Stored entries:
lemma finsum_in_ideal:
  assumes C: "ideal C R" and "finite T" and "\<And>t. t \<in> T \<Longrightarrow> f t \<in> C"
  shows "finsum R f T \<in> C"
  using assms(2,3)
proof (induct T rule: finite_induct)
  case empty
  then show ?case using C by (simp add: additive_subgroup.zero_closed ideal.axioms(1))
next
  case (insert x F)
  then have "f \<in> F \<rightarrow> carrier R" "f x \<in> carrier R"
    using ideal.Icarr[OF C] by auto
  with insert show ?case
    by (simp add: finsum_insert additive_subgroup.a_closed[OF ideal.axioms(1)[OF C]])
qed

lemma genideal_of_ideal: "ideal I R \<Longrightarrow> Idl I = I"
  by (meson genideal_minimal genideal_self ideal.axioms(1) additive_subgroup.a_subset subset_antisym order_refl)

lemma genideal_singleton_prod:
  assumes "x \<in> carrier R" "y \<in> carrier R"
  shows "(Idl {x}) \<cdot> (Idl {y}) = Idl {x \<otimes> y}"
proof -
  have "(Idl {x}) \<cdot> (Idl {y}) = Idl (PIdl x <#> PIdl y)"
    using assms by (simp add: ideal_prod_eq_genideal genideal_ideal cgenideal_eq_genideal[symmetric] cgenideal_ideal)
  also have "\<dots> = Idl (PIdl (x \<otimes> y))"
    using assms by (simp add: cgenideal_prod)
  also have "\<dots> = Idl {x \<otimes> y}"
    using assms by (simp add: cgenideal_eq_genideal genideal_ideal genideal_of_ideal)
  finally show ?thesis .
qed

lemma ideal_pow_genideal_singleton:
  "x \<in> carrier R \<Longrightarrow> ideal_pow R (Idl {x}) n = Idl {x [^] n}"
  by (induct n) (simp_all add: genideal_one ideal_pow_Suc genideal_singleton_prod m_comm)

lemma genideal_union:
  assumes "S \<subseteq> carrier R" "T \<subseteq> carrier R"
  shows "Idl (S \<union> T) = Idl S <+>\<^bsub>R\<^esub> Idl T"
proof -
  have "Idl (S \<union> T) = Idl (Idl S \<union> Idl T)"
  proof (rule equalityI)
    show "Idl (S \<union> T) \<subseteq> Idl (Idl S \<union> Idl T)"
      using assms genideal_self by (intro subset_Idl_subset) (auto intro: genideal_ideal ideal.Icarr)
    show "Idl (Idl S \<union> Idl T) \<subseteq> Idl (S \<union> T)"
      using assms subset_Idl_subset[of "S \<union> T" S] subset_Idl_subset[of "S \<union> T" T]
      by (intro genideal_minimal genideal_ideal) auto
  qed
  then show ?thesis
    using assms by (simp add: union_genideal genideal_ideal)
qed

lemma ideal_colon_is_ideal:
  assumes C: "ideal C R" and X: "X \<subseteq> carrier R"
  shows "ideal {u \<in> carrier R. \<forall>x\<in>X. x \<otimes> u \<in> C} R"
proof -
  have C': "additive_subgroup C R" using C ideal.axioms(1) by blast
  show ?thesis
  proof (rule idealI)
    show "ring R" by (rule ring_axioms)
    show "subgroup {u \<in> carrier R. \<forall>x\<in>X. x \<otimes> u \<in> C} (add_monoid R)"
    proof (rule subgroup.intro)
      show "\<And>u v. u \<in> {u \<in> carrier R. \<forall>x\<in>X. x \<otimes> u \<in> C} \<Longrightarrow>
          v \<in> {u \<in> carrier R. \<forall>x\<in>X. x \<otimes> u \<in> C} \<Longrightarrow>
          u \<otimes>\<^bsub>add_monoid R\<^esub> v \<in> {u \<in> carrier R. \<forall>x\<in>X. x \<otimes> u \<in> C}"
        using X by (auto simp: r_distr additive_subgroup.a_closed[OF C'] subset_iff)
      show "\<one>\<^bsub>add_monoid R\<^esub> \<in> {u \<in> carrier R. \<forall>x\<in>X. x \<otimes> u \<in> C}"
        using X by (auto simp: additive_subgroup.zero_closed[OF C'] subset_iff)
      show "\<And>u. u \<in> {u \<in> carrier R. \<forall>x\<in>X. x \<otimes> u \<in> C} \<Longrightarrow>
          inv\<^bsub>add_monoid R\<^esub> u \<in> {u \<in> carrier R. \<forall>x\<in>X. x \<otimes> u \<in> C}"
        using X by (auto simp: a_inv_def[symmetric] r_minus additive_subgroup.a_inv_closed[OF C'] subset_iff)
    qed auto
    show "\<And>a x. a \<in> {u \<in> carrier R. \<forall>x\<in>X. x \<otimes> u \<in> C} \<Longrightarrow> x \<in> carrier R \<Longrightarrow>
        x \<otimes> a \<in> {u \<in> carrier R. \<forall>x\<in>X. x \<otimes> u \<in> C}"
      using X C by (auto simp: m_lcomm subset_iff ideal.I_l_closed)
    show "\<And>a x. a \<in> {u \<in> carrier R. \<forall>x\<in>X. x \<otimes> u \<in> C} \<Longrightarrow> x \<in> carrier R \<Longrightarrow>
        a \<otimes> x \<in> {u \<in> carrier R. \<forall>x\<in>X. x \<otimes> u \<in> C}"
      using X C by (auto simp: m_assoc[symmetric] subset_iff ideal.I_r_closed)
  qed
qed

lemma ideal_prod_subset_iff_colon:
  assumes "ideal C R" "W \<subseteq> carrier R"
  shows "X \<cdot> W \<subseteq> C \<longleftrightarrow> W \<subseteq> {u \<in> carrier R. \<forall>x\<in>X. x \<otimes> u \<in> C}"
proof
  assume "X \<cdot> W \<subseteq> C"
  then show "W \<subseteq> {u \<in> carrier R. \<forall>x\<in>X. x \<otimes> u \<in> C}"
    using assms(2) by (auto intro: ideal_prod.prod)
next
  assume "W \<subseteq> {u \<in> carrier R. \<forall>x\<in>X. x \<otimes> u \<in> C}"
  then show "X \<cdot> W \<subseteq> C"
    by (intro ideal_prod_subset_ideal[OF assms(1)]) blast
qed

lemma ideal_prod_left_commute:
  assumes "ideal A R" "ideal B R" "ideal C R"
  shows "A \<cdot> (B \<cdot> C) = B \<cdot> (A \<cdot> C)"
  by (simp only: ideal_prod_assoc[OF assms, symmetric] ideal_prod_commute[OF assms(1,2)]
      ideal_prod_assoc[OF assms(2,1,3)])

text \<open>Binomial expansion of \<open>(X + Y)\<^sup>k\<close>; one factor at a time is moved into a colon ideal.\<close>

lemma ideal_pow_set_add_subset:
  assumes X: "ideal X R" and Y: "ideal Y R"
  shows "ideal C R \<Longrightarrow> (\<And>i. i \<le> k \<Longrightarrow> ideal_pow R X i \<cdot> ideal_pow R Y (k - i) \<subseteq> C)
     \<Longrightarrow> ideal_pow R (X <+>\<^bsub>R\<^esub> Y) k \<subseteq> C"
proof (induct k arbitrary: C)
  case 0
  then show ?case using 0(2)[of 0] ideal_prod_one[OF oneideal] by simp
next
  case (Suc k)
  let ?W = "ideal_pow R (X <+>\<^bsub>R\<^esub> Y) k"
  let ?M = "\<lambda>i. ideal_pow R X i \<cdot> ideal_pow R Y (k - i)"
  have W: "ideal ?W R" using ideal_pow_is_ideal[OF add_ideals[OF X Y]] .
  have M: "ideal (?M i) R" for i by (simp add: ideal_prod_is_ideal ideal_pow_is_ideal X Y)
  have carrier: "X \<subseteq> carrier R" "Y \<subseteq> carrier R" "?W \<subseteq> carrier R" "?M i \<subseteq> carrier R" for i
    using X Y W M by (simp_all add: ideal_subset_carrier)
  have "?W \<subseteq> {u \<in> carrier R. \<forall>x\<in>X. x \<otimes> u \<in> C}"
  proof (rule Suc(1)[OF ideal_colon_is_ideal[OF Suc(2) carrier(1)]])
    fix i assume "i \<le> k"
    have "X \<cdot> ?M i = ideal_pow R X (Suc i) \<cdot> ideal_pow R Y (Suc k - Suc i)"
      using X Y by (simp add: ideal_pow_Suc ideal_prod_assoc ideal_pow_is_ideal)
    then have "X \<cdot> ?M i \<subseteq> C" using Suc(3)[of "Suc i"] \<open>i \<le> k\<close> by simp
    then show "?M i \<subseteq> {u \<in> carrier R. \<forall>x\<in>X. x \<otimes> u \<in> C}"
      by (rule ideal_prod_subset_iff_colon[OF Suc(2) carrier(4), THEN iffD1])
  qed
  then have XW: "X \<cdot> ?W \<subseteq> C" by (rule ideal_prod_subset_iff_colon[OF Suc(2) carrier(3), THEN iffD2])
  have "?W \<subseteq> {u \<in> carrier R. \<forall>x\<in>Y. x \<otimes> u \<in> C}"
  proof (rule Suc(1)[OF ideal_colon_is_ideal[OF Suc(2) carrier(2)]])
    fix i assume "i \<le> k"
    have "Y \<cdot> ?M i = ideal_pow R X i \<cdot> ideal_pow R Y (Suc k - i)"
      using \<open>i \<le> k\<close> ideal_prod_left_commute[OF Y ideal_pow_is_ideal[OF X] ideal_pow_is_ideal[OF Y]]
      by (simp add: Suc_diff_le ideal_pow_Suc)
    then have "Y \<cdot> ?M i \<subseteq> C" using Suc(3)[of i] \<open>i \<le> k\<close> by simp
    then show "?M i \<subseteq> {u \<in> carrier R. \<forall>x\<in>Y. x \<otimes> u \<in> C}"
      by (rule ideal_prod_subset_iff_colon[OF Suc(2) carrier(4), THEN iffD1])
  qed
  then have YW: "Y \<cdot> ?W \<subseteq> C" by (rule ideal_prod_subset_iff_colon[OF Suc(2) carrier(3), THEN iffD2])
  have "ideal_pow R (X <+>\<^bsub>R\<^esub> Y) (Suc k) = X \<cdot> ?W <+>\<^bsub>R\<^esub> Y \<cdot> ?W"
    by (simp only: ideal_pow_Suc ideal_prod_distr(2)[OF W X Y])
  also have "\<dots> = Idl (X \<cdot> ?W \<union> Y \<cdot> ?W)"
    by (rule union_genideal[symmetric]) (simp_all add: ideal_prod_is_ideal X Y W)
  also have "\<dots> \<subseteq> C" using XW YW by (simp add: genideal_minimal[OF Suc(2)])
  finally show ?case .
qed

ACTIVITY.
Lines after the one containing "with insert show ?case" are not part of the task. Output the entries exactly from their first line through that one.

WRITTEN SOLUTION.
lemma finsum_in_ideal:
  assumes C: "ideal C R" and "finite T" and "\<And>t. t \<in> T \<Longrightarrow> f t \<in> C"
  shows "finsum R f T \<in> C"
  using assms(2,3)
proof (induct T rule: finite_induct)
  case empty
  then show ?case using C by (simp add: additive_subgroup.zero_closed ideal.axioms(1))
next
  case (insert x F)
  then have "f \<in> F \<rightarrow> carrier R" "f x \<in> carrier R"
    using ideal.Icarr[OF C] by auto
  with insert show ?case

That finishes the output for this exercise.